In den aard van 't kind openbaart zich al vroeg: meedoen, nadoen.
Moet men er dan niet voor waken die indrukken, waaruit onmin en vijandschap tegenover den naaste kunnen ontstaan, vroegtijdig te onderdrukken.
Er zijn kinderen wier wenschen zich uitstrekken naar wapentuig, een geweer, een sabel, kanonnen met kogels; ze willen oorlog-spelen, schieten vijanden omver en roepen verheugd: ik heb ze lekker geraakt.
Schouderophalend zegt men glimlachend: 't is maar spel.

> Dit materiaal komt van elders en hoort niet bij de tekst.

lemma lrun_pos: "finite M \<Longrightarrow> a \<in> M \<Longrightarrow> 1 \<le> lrun M"
  using block_le_lrun[of M a 1] by simp

text \<open>Every element of L lies at distance less than l after a run start
  (an element of L - (L+1)), hence |L| \<le> l times the number of run starts.\<close>
lemma card_le_runs_times_starts:
  assumes fin: "finite L" and rb: "runs_le L l"
  shows "card L \<le> l * card (L - Suc ` L)"
proof -
  have cover: "L \<subseteq> (\<Union>s\<in>L - Suc ` L. {s..<s+l})"
  proof
    fix x assume x: "x \<in> L"
    define s where "s = (LEAST y. y \<le> x \<and> {y..x} \<subseteq> L)"
    have s: "s \<le> x" "{s..x} \<subseteq> L"
      using LeastI[of "\<lambda>y. y \<le> x \<and> {y..x} \<subseteq> L" x] x unfolding s_def by auto
    have start: "s \<notin> Suc ` L"
    proof
      assume "s \<in> Suc ` L"
      then obtain t where t: "t \<in> L" "s = Suc t" by auto
      then have "{t..x} = insert t {s..x}" using s by auto
      then have "{t..x} \<subseteq> L" using s t by auto
      then have "s \<le> t" unfolding s_def using s t by (intro Least_le) simp
      then show False using t by simp
    qed
    have "{s..<s + (x - s + 1)} \<subseteq> L" using s by auto
    then have "x - s + 1 \<le> l" using rb unfolding runs_le_def by blast
    moreover have "s \<in> L" using s by auto
    ultimately show "x \<in> (\<Union>s\<in>L - Suc ` L. {s..<s+l})" using s(1) start by force
  qed
  have "card L \<le> card (\<Union>s\<in>L - Suc ` L. {s..<s+l})"
    by (rule card_mono[OF _ cover]) (use fin in auto)
  also have "\<dots> \<le> (\<Sum>s\<in>L - Suc ` L. card {s..<s+l})"
    by (rule card_UN_le) (use fin in auto)
  also have "\<dots> = l * card (L - Suc ` L)" by simp
  finally show ?thesis .
qed

lemma card_interior_le:
  assumes fin: "finite L" and rb: "runs_le L l"
  shows "l * card (L \<inter> Suc ` L) + card L \<le> l * card L"
proof -
  have "l * card (L \<inter> Suc ` L) + l * card (L - Suc ` L) = l * card L"
    by (metis card_Int_Diff[OF fin] add_mult_distrib2)
  then show ?thesis using card_le_runs_times_starts[OF fin rb] by linarith
qed

text \<open>For |M'| \<le> |L| the sets L \<inter> M' and L \<inter> (M'-1) overlap, after shifting the
  second one up by one, only inside L \<inter> (L+1); this bounds their total size.\<close>
lemma card_branch_pair_le:
  assumes fin: "finite L" and finM: "finite M'" and card: "card M' \<le> card L"
  shows "card (L \<inter> M') + card (L \<inter> shift M' (-1)) \<le> card L + card (L \<inter> Suc ` L)"
proof -
  let ?A = "L \<inter> M'" and ?B = "Suc ` (L \<inter> shift M' (-1))"
  have "card ?B = card (L \<inter> shift M' (-1))" by (simp add: card_image)
  moreover have "card ?A + card ?B = card (?A \<union> ?B) + card (?A \<inter> ?B)"
    by (rule card_Un_Int) (use fin in auto)
  moreover have "card (?A \<union> ?B) \<le> card M'"
    by (rule card_mono[OF finM]) (auto simp: mem_shift_minus_one)
  moreover have "card (?A \<inter> ?B) \<le> card (L \<inter> Suc ` L)"
    by (rule card_mono) (use fin in auto)
  ultimately show ?thesis using card by linarith
qed

text \<open>Following the branch that realises h(L) one reaches a subset X of L with
  |X| \<le> (1 - 1/(2l)) |L| and h(L) \<le> 1 + h(X): the first branch leads to
  L \<inter> (L+1), a branch M' to the smaller of L \<inter> M' and L \<inter> (M'-1).\<close>
lemma shrinking_child:
  assumes fin: "finite L" and ne: "L \<noteq> {}" and rb: "runs_le L l"
  shows "\<exists>X\<subseteq>L. 2 * (l * card X) + card L \<le> 2 * (l * card L) \<and> h L \<le> 1 + h X"
proof -
  have interior: "l * card (L \<inter> Suc ` L) + card L \<le> l * card L"
    by (rule card_interior_le[OF fin rb])
  from h_step_cases[OF fin ne] show ?thesis
  proof cases
    case 1
    have "2 * (l * card (L \<inter> Suc ` L)) + card L \<le> 2 * (l * card L)"
      using interior by linarith
    then show ?thesis using 1 by (intro exI[of _ "L \<inter> Suc ` L"]) simp
  next
    case (2 M')
    let ?A = "L \<inter> M'" and ?B = "L \<inter> shift M' (-1)"
    have "card ?A + card ?B \<le> card L + card (L \<inter> Suc ` L)"
      using 2(1) by (intro card_branch_pair_le[OF fin]) (auto simp: Tset_def)
    then have "l * card ?A + l * card ?B \<le> l * card L + l * card (L \<inter> Suc ` L)"
      by (metis add_mult_distrib2 mult_le_mono2)
    then have pair: "l * card ?A + l * card ?B + card L \<le> 2 * (l * card L)"
      using interior by linarith
    show ?thesis
    proof (cases "card ?A \<le> card ?B")
      case True
      then have "l * card ?A \<le> l * card ?B" by (rule mult_le_mono2)
      then have "2 * (l * card ?A) + card L \<le> 2 * (l * card L)" using pair by linarith
      moreover have "h L \<le> 1 + h ?A" using 2(2) by simp
      ultimately show ?thesis by (intro exI[of _ ?A]) simp
    next
      case False
      then have "l * card ?B \<le> l * card ?A" by (intro mult_le_mono2) simp
      then have "2 * (l * card ?B) + card L \<le> 2 * (l * card L)" using pair by linarith
      moreover have "h L \<le> 1 + h ?B" using 2(2) by simp
      ultimately show ?thesis by (intro exI[of _ ?B]) simp
    qed
  qed
qed

lemma potential_bound:
  fixes f :: "nat set \<Rightarrow> nat" and c :: real
  assumes c: "1 < c" and f_empty: "f {} = 0"
    and closed: "\<And>L X. P L \<Longrightarrow> X \<subseteq> L \<Longrightarrow> P X"
    and step: "\<And>L. finite L \<Longrightarrow> L \<noteq> {} \<Longrightarrow> P L \<Longrightarrow>
                  \<exists>X\<subseteq>L. c * card X \<le> card L \<and> f L \<le> 1 + f X"
    and "finite L" "L \<noteq> {}" "P L"
  shows "c ^ f L \<le> c * card L"
  using \<open>finite L\<close> \<open>L \<noteq> {}\<close> \<open>P L\<close>
proof (induction L rule: finite_psubset_induct)
  case (psubset L)
  have "0 < card L" using psubset.hyps(1) psubset.prems(1) card_gt_0_iff by blast
  then have card_L: "1 \<le> card L" by simp
  obtain X where X: "X \<subseteq> L" "c * card X \<le> card L" "f L \<le> 1 + f X"
    using step[OF psubset.hyps psubset.prems] by blast
  have "c ^ f L \<le> c ^ (1 + f X)" by (rule power_increasing[OF X(3)]) (use c in linarith)
  also have "\<dots> = c * c ^ f X" by simp
  also have "\<dots> \<le> c * card L"
  proof (cases "X = {}")
    case True
    then show ?thesis using f_empty c card_L by simp
  next
    case False
    have "0 < card X" using False X(1) psubset.hyps by (simp add: card_gt_0_iff finite_subset)
    then have "real (card X) < c * card X" using c by (simp add: mult_less_cancel_right1)
    then have "real (card X) < real (card L)" using X(2) by linarith
    then have "X \<noteq> L" by (metis less_irrefl)
    then have "X \<subset> L" using X(1) by blast
    then have "c ^ f X \<le> c * card X"
      by (rule psubset.IH[OF _ False closed[OF psubset.prems(2) X(1)]])
    then have "c ^ f X \<le> card L" using X(2) by linarith
    then show ?thesis using c by simp
  qed
  finally show ?case .
qed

Men wendt alles aan om bij kinderen reeds vroeg liefde aan te kweeken voor dieren, hen afkeerig te maken van dierenmishandeling; zal men aan een kind nu aanwijzingen doen of het middelen in handen geven hoe en waarmede dieren worden gekweld? Men zal waarschuwen, met te zeggen: dat is geen speelgoed voor kinderen en hen voorhouden:
‘Quäle nie ein Tier zum Scherz
Denn es fühlt wie du den Schmerz.’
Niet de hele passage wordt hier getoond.